**Exercise description:** Give back every record below precisely as written.

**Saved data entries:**

theorem mainTheorem19:
  fixes P :: "'x::polish_space \<Rightarrow> 'y::polish_space measure"
    and Q :: "'y \<Rightarrow> 'z::polish_space measure"
    and R :: "('x \<times> 'm) set"
    and L \<delta> \<epsilon> :: real
  assumes "markov_kernel P" "feller P" "tight_kernel P"
    and "markov_kernel Q" "feller Q" "tight_kernel Q"
    and "0 \<le> L"
    and "\<And>\<mu> \<nu>. \<mu> \<in> Prob \<Longrightarrow> \<nu> \<in> Prob \<Longrightarrow>
           W1 (Giry_Monad.bind \<mu> Q) (Giry_Monad.bind \<nu> Q) \<le> ennreal L * W1 \<mu> \<nu>"
    and "0 \<le> \<delta>" "0 \<le> \<epsilon>"
  shows "meas_push_W Q \<epsilon> (kernel_push_W P \<delta> R) \<subseteq> kernel_push_W (comp_kernel Q P) (L * \<delta> + \<epsilon>) R"
proof (rule subsetI, clarify)
  fix \<gamma> m
  assume "(\<gamma>, m) \<in> meas_push_W Q \<epsilon> (kernel_push_W P \<delta> R)"
  then obtain \<nu> x where \<gamma>: "\<gamma> \<in> Prob" and \<nu>: "\<nu> \<in> Prob" and xm: "(x, m) \<in> R"
    and near_Px: "W1 (P x) \<nu> \<le> ennreal \<delta>" and near_\<nu>Q: "W1 (Giry_Monad.bind \<nu> Q) \<gamma> \<le> ennreal \<epsilon>"
    unfolding meas_push_W_def kernel_push_W_def by auto
  have "W1 (comp_kernel Q P x) \<gamma> \<le> W1 (Giry_Monad.bind (P x) Q) (Giry_Monad.bind \<nu> Q) + W1 (Giry_Monad.bind \<nu> Q) \<gamma>"
    unfolding comp_kernel_def by (rule W1_triangle)
  also have "\<dots> \<le> ennreal L * ennreal \<delta> + ennreal \<epsilon>"
    using assms(8)[OF markov_kernel_Prob[OF assms(1)] \<nu>] near_Px near_\<nu>Q
    by (meson add_mono mult_left_mono order_trans zero_le)
  also have "\<dots> = ennreal (L * \<delta> + \<epsilon>)"
    using assms(7,9,10) by (simp add: ennreal_mult ennreal_plus)
  finally show "(\<gamma>, m) \<in> kernel_push_W (comp_kernel Q P) (L * \<delta> + \<epsilon>) R"
    unfolding kernel_push_W_def using \<gamma> xm by auto
qed

end
lemma psiP_mult:
  assumes x: "x \<in> TVP n" and y: "y \<in> TVP n"
  shows "psiP n (x \<otimes>\<^bsub>TVB n\<^esub> y) = psiP n x \<otimes>\<^bsub>TVB n\<^esub> psiP n y"
proof -
  obtain u where u: "x = cls n u" "set u \<subseteq> letters n"
    using x by (auto simp: in_TVP_iff)
  obtain v where v: "y = cls n v" "set v \<subseteq> letters n" "perm_word v = id"
    using y by (auto simp: in_TVP_iff)
  have v_id: "fst (word_sp v) = id"
    using v(3) by (simp add: fst_word_sp)
  define U where "U = gamma_normal n (snd (word_sp u))"
  define V where "V = gamma_normal n (snd (word_sp v))"
  have "psiP n x \<otimes>\<^bsub>TVB n\<^esub> psiP n y = cls n (U @ V)"
    using u v by (simp add: psiP_cls mult_TVB_cls U_def V_def set_gamma_normal_subset_letters)
  also have "\<dots> = cls n (gamma_normal n (snd (word_sp (U @ V))))"
    by (intro cls_eq eqv_gamma_normal gamma_word_append) (simp_all add: U_def V_def gamma_word_gamma_normal)
  also have "gamma_normal n (snd (word_sp (U @ V))) = gamma_normal n (snd (word_sp (u @ v)))"
    by (rule gamma_normal_cong)
      (simp add: U_def V_def word_sp_append sp_mult_def snd_word_sp_gamma_normal v_id
        fst_word_sp_gamma_word[OF gamma_word_gamma_normal])
  finally show ?thesis
    using u v by (simp add: mult_TVB_cls psiP_cls)
qed

lemma psiP_hom: "psiP n \<in> hom ((TVB n)\<lparr>carrier := TVP n\<rparr>) ((TVB n)\<lparr>carrier := A n\<rparr>)"
  by (rule homI) (simp_all add: psiP_in_A psiP_mult)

**Answer below:**
theorem mainTheorem19:
  fixes P :: "'x::polish_space \<Rightarrow> 'y::polish_space measure"
    and Q :: "'y \<Rightarrow> 'z::polish_space measure"
    and R :: "('x \<times> 'm) set"
    and L \<delta> \<epsilon> :: real
  assumes "markov_kernel P" "feller P" "tight_kernel P"
    and "markov_kernel Q" "feller Q" "tight_kernel Q"
    and "0 \<le> L"
    and "\<And>\<mu> \<nu>. \<mu> \<in> Prob \<Longrightarrow> \<nu> \<in> Prob \<Longrightarrow>
           W1 (Giry_Monad.bind \<mu> Q) (Giry_Monad.bind \<nu> Q) \<le> ennreal L * W1 \<mu> \<nu>"
    and "0 \<le> \<delta>" "0 \<le> \<epsilon>"
  shows "meas_push_W Q \<epsilon> (kernel_push_W P \<delta> R) \<subseteq> kernel_push_W (comp_kernel Q P) (L * \<delta> + \<epsilon>) R"
proof (rule subsetI, clarify)
  fix \<gamma> m
  assume "(\<gamma>, m) \<in> meas_push_W Q \<epsilon> (kernel_push_W P \<delta> R)"
  then obtain \<nu> x where \<gamma>: "\<gamma> \<in> Prob" and \<nu>: "\<nu> \<in> Prob" and xm: "(x, m) \<in> R"
    and near_Px: "W1 (P x) \<nu> \<le> ennreal \<delta>" and near_\<nu>Q: "W1 (Giry_Monad.bind \<nu> Q) \<gamma> \<le> ennreal \<epsilon>"
    unfolding meas_push_W_def kernel_push_W_def by auto
  have "W1 (comp_kernel Q P x) \<gamma> \<le> W1 (Giry_Monad.bind (P x) Q) (Giry_Monad.bind \<nu> Q) + W1 (Giry_Monad.bind \<nu> Q) \<gamma>"
    unfolding comp_kernel_def by (rule W1_triangle)
  also have "\<dots> \<le> ennreal L * ennreal \<delta> + ennreal \<epsilon>"
    using assms(8)[OF markov_kernel_Prob[OF assms(1)] \<nu>] near_Px near_\<nu>Q
    by (meson add_mono mult_left_mono order_trans zero_le)
  also have "\<dots> = ennreal (L * \<delta> + \<epsilon>)"
    using assms(7,9,10) by (simp add: ennreal_mult ennreal_plus)
  finally show "(\<gamma>, m) \<in> kernel_push_W (comp_kernel Q P) (L * \<delta> + \<epsilon>) R"
    unfolding kernel_push_W_def using \<gamma> xm by auto
qed

end
lemma psiP_mult:
  assumes x: "x \<in> TVP n" and y: "y \<in> TVP n"
  shows "psiP n (x \<otimes>\<^bsub>TVB n\<^esub> y) = psiP n x \<otimes>\<^bsub>TVB n\<^esub> psiP n y"
proof -
  obtain u where u: "x = cls n u" "set u \<subseteq> letters n"
    using x by (auto simp: in_TVP_iff)
  obtain v where v: "y = cls n v" "set v \<subseteq> letters n" "perm_word v = id"
    using y by (auto simp: in_TVP_iff)
  have v_id: "fst (word_sp v) = id"
    using v(3) by (simp add: fst_word_sp)
  define U where "U = gamma_normal n (snd (word_sp u))"
  define V where "V = gamma_normal n (snd (word_sp v))"
  have "psiP n x \<otimes>\<^bsub>TVB n\<^esub> psiP n y = cls n (U @ V)"
    using u v by (simp add: psiP_cls mult_TVB_cls U_def V_def set_gamma_normal_subset_letters)
  also have "\<dots> = cls n (gamma_normal n (snd (word_sp (U @ V))))"
    by (intro cls_eq eqv_gamma_normal gamma_word_append) (simp_all add: U_def V_def gamma_word_gamma_normal)
  also have "gamma_normal n (snd (word_sp (U @ V))) = gamma_normal n (snd (word_sp (u @ v)))"
    by (rule gamma_normal_cong)
      (simp add: U_def V_def word_sp_append sp_mult_def snd_word_sp_gamma_normal v_id
        fst_word_sp_gamma_word[OF gamma_word_gamma_normal])
  finally show ?thesis
    using u v by (simp add: mult_TVB_cls psiP_cls)
qed

lemma psiP_hom: "psiP n \<in> hom ((TVB n)\<lparr>carrier := TVP n\<rparr>) ((TVB n)\<lparr>carrier := A n\<rparr>)"
  by (rule homI) (simp_all add: psiP_in_A psiP_mult)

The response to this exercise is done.